The mechanism of Claim 1 wherein said output collection means comprises an output tray (12) comprising a floor (16) to receive said sheets.
The mechanism of Claim 1 or Claim 2 wherein said output tray is further provided with a pair of opposed, spaced apart side wall members (14) separated by said floor.
The mechanism of Claim 1 wherein said movement means comprises a rotational movement, each side rail member being pivotally secured by a pivot means (38).
The mechanism of Claim 4 wherein each said side rail member is provided with an engageable wing member (32) spaced outwardly from said pivotal securement for permitting said side rail member to rotate outward from said initial closed, sheet-supporting position.
The mechanism of Claim 5 further comprising means (30) for engaging said wing member upon termination of printing of said sheet.
The mechanism of Claim 6 wherein said engaging means comprises an ear member (30) associated with a downwardly pivoting platen support (28) associated with a platen for supporting said sheet of print medium during printing.
The mechanism of any preceding Claim wherein said return means comprises a spring (26).

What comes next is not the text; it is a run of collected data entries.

lemma monomials_eq_words_count_list:
  assumes "(\<Sum>j<m. i j) = n"
  shows "monomials m i = {w \<in> words m n. \<forall>j<m. count_list w j = i j}"
proof -
  have "length w = n" if "set w \<subseteq> {..<m}" "\<forall>j<m. count_list w j = i j" for w
  proof -
    have "length w = (\<Sum>j<m. count_list w j)"
      using sum_count_set[OF that(1)] by simp
    also have "\<dots> = n"
      using that(2) assms by simp
    finally show ?thesis .
  qed
  then show ?thesis
    unfolding monomials_def words_def by auto
qed

lemma sum_monomials_scale:
  assumes "vector_space s"
  shows "(\<Sum>w\<in>monomials m i. s (prod_list (map c w)) (prod_list (map a w)))
    = s (\<Prod>j<m. c j ^ i j) (pev m a i)"
proof -
  interpret vector_space s by (rule assms)
  have "(\<Sum>w\<in>monomials m i. s (prod_list (map c w)) (prod_list (map a w)))
      = (\<Sum>w\<in>monomials m i. s (\<Prod>j<m. c j ^ i j) (prod_list (map a w)))"
    by (rule sum.cong)
      (auto simp: monomials_def prod_list_map_eq_prod_power_count_list[of _ "{..<m}"])
  then show ?thesis
    by (simp add: pev_def scale_sum_right)
qed

text \<open>Grouping the words of length \<open>n\<close> by their exponent vector (extended by zero
  beyond \<open>m\<close>, so that the groups are indexed by functions).\<close>
lemma power_sum_scale_in_Pn:
  assumes "k_algebra s"
  shows "(\<Sum>j<m. s (c j) (a j)) ^ n \<in> Pn s m a n"
proof -
  interpret vector_space s using assms by (rule k_algebra_vector_space)
  define expo where "expo w = (\<lambda>j. if j < m then count_list w j else 0)" for w
  define f where "f w = s (prod_list (map c w)) (prod_list (map a w))" for w
  have "(\<Sum>j<m. s (c j) (a j)) ^ n = (\<Sum>i\<in>expo ` words m n. \<Sum>w\<in>{w \<in> words m n. expo w = i}. f w)"
    unfolding power_sum_scale_eq_sum_words[OF assms] f_def
    by (rule sum.group[symmetric]) (auto simp: finite_words)
  also have "\<dots> \<in> Pn s m a n"
    unfolding Pn_def
  proof (rule span_sum)
    fix i assume "i \<in> expo ` words m n"
    then obtain w0 where w0: "w0 \<in> words m n" "i = expo w0" by blast
    then have "(\<Sum>j<m. i j) = n"
      using sum_count_set[of w0 "{..<m}"] by (simp add: expo_def words_def)
    moreover have "{w \<in> words m n. expo w = i} = {w \<in> words m n. \<forall>j<m. count_list w j = i j}"
      using w0(2) by (auto simp: expo_def fun_eq_iff)
    ultimately have "(\<Sum>w\<in>{w \<in> words m n. expo w = i}. f w) = s (\<Prod>j<m. c j ^ i j) (pev m a i)"
      unfolding f_def
      by (simp add: monomials_eq_words_count_list sum_monomials_scale[OF vector_space_axioms, symmetric])
    moreover have "pev m a i \<in> {pev m a i |i. (\<Sum>j<m. i j) = n}"
      using \<open>(\<Sum>j<m. i j) = n\<close> by blast
    ultimately show "(\<Sum>w\<in>{w \<in> words m n. expo w = i}. f w) \<in> span {pev m a i |i. (\<Sum>j<m. i j) = n}"
      by (simp add: span_scale span_base)
  qed
  finally show ?thesis .
qed

lemma Pn_subset_Ple:
  assumes "vector_space s" "n \<le> r"
  shows "Pn s m a n \<subseteq> Ple s m a r"
proof -
  interpret vector_space s by (rule assms(1))
  show ?thesis
    using assms(2) span_superset unfolding Ple_def by fastforce
qed

lemma finite_lists_sum_list_le: "finite {l :: nat list. length l = m \<and> sum_list l \<le> r}"
  by (rule finite_subset[OF _ finite_lists_length_eq[of "{..r}" m]])
    (auto dest: member_le_sum_list)

lemma card_lists_sum_list_le:
  "card {l :: nat list. length l = m \<and> sum_list l \<le> r} = (r + m) choose m"
proof -
  have "{l :: nat list. length l = m \<and> sum_list l \<le> r}
      = (\<Union>n\<le>r. {l. length l = m \<and> sum_list l = n})"
    by auto
  also have "card \<dots> = (\<Sum>n\<le>r. card {l :: nat list. length l = m \<and> sum_list l = n})"
  proof -
    have "finite {l :: nat list. length l = m \<and> sum_list l = n}" for n
      by (rule finite_subset[OF _ finite_lists_sum_list_le[of m n]]) auto
    then show ?thesis
      by (intro card_UN_disjoint) auto
  qed
  also have "\<dots> = (\<Sum>n\<le>r. (n + m - 1) choose n)"
    by (simp add: card_length_sum_list)
  also have "\<dots> = (r + m) choose m"
  proof (cases m)
    case 0
    then have "(\<Sum>n\<le>r. (n + m - 1) choose n) = (\<Sum>n\<le>r. if n = 0 then 1 else 0)"
      by (intro sum.cong) auto
    then show ?thesis
      using 0 by simp
  next
    case (Suc k)
    have "(\<Sum>n\<le>r. (n + m - 1) choose n) = (\<Sum>n\<le>r. (k + n) choose n)"
      using Suc by (simp add: add.commute)
    also have "\<dots> = Suc (k + r) choose r"
      by (rule sum_choose_lower)
    also have "\<dots> = Suc (k + r) choose Suc k"
      by (subst binomial_symmetric) auto
    finally show ?thesis using Suc by (simp add: add.commute)
  qed
  finally show ?thesis .
qed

The mechanism of Claim 8 wherein said spring comprises a cantilevered member (34), integrally formed as a part of said side rail member.
The mechanism of claim 4, wherein said return means comprises a spring means (26) bearing against said side wall member, said pivot means (38) being located in said floor of said output tray and being provided with an engageable wing member (32) spaced outwardly from said pivotal securement for permitting said side rail members to rotate outward from an initial closed, sheet-supporting position.
The mechanism of Claim 10 wherein said spring means comprises a cantilevered member (34), integrally formed as a part of said side rail member and provided with an outward bow.
The mechanism of Claim 9 or Claim 11 wherein said cantilevered member terminates in a free end (34') and said side wall member is provided with a recess (24) including a stud member (36) against which said free end bears.
The mechanism of Claim 10 or Claim 11 further comprising means (30) for engaging said wing member upon termination of printing of said sheet.
The mechanism of Claim 13 wherein said engaging means comprise an ear member (30) associated with a downwardly pivoting platen support (28) associated with a platen for supporting said sheet of print medium during printing.
A method of stacking printed sheets of a print medium in a substantially horizontally-disposed output collection means during printing by an ink-jet printer, comprising (a) suspending a single sheet above said output collection means during said printing of said sheet by retractable means in a sheet-supporting position, (b) causing said retractable means to retract at the termination of printing of said sheet to permit said sheet to drop onto said output collection means and (c) causing said retracting means to return to said sheet-supporting position.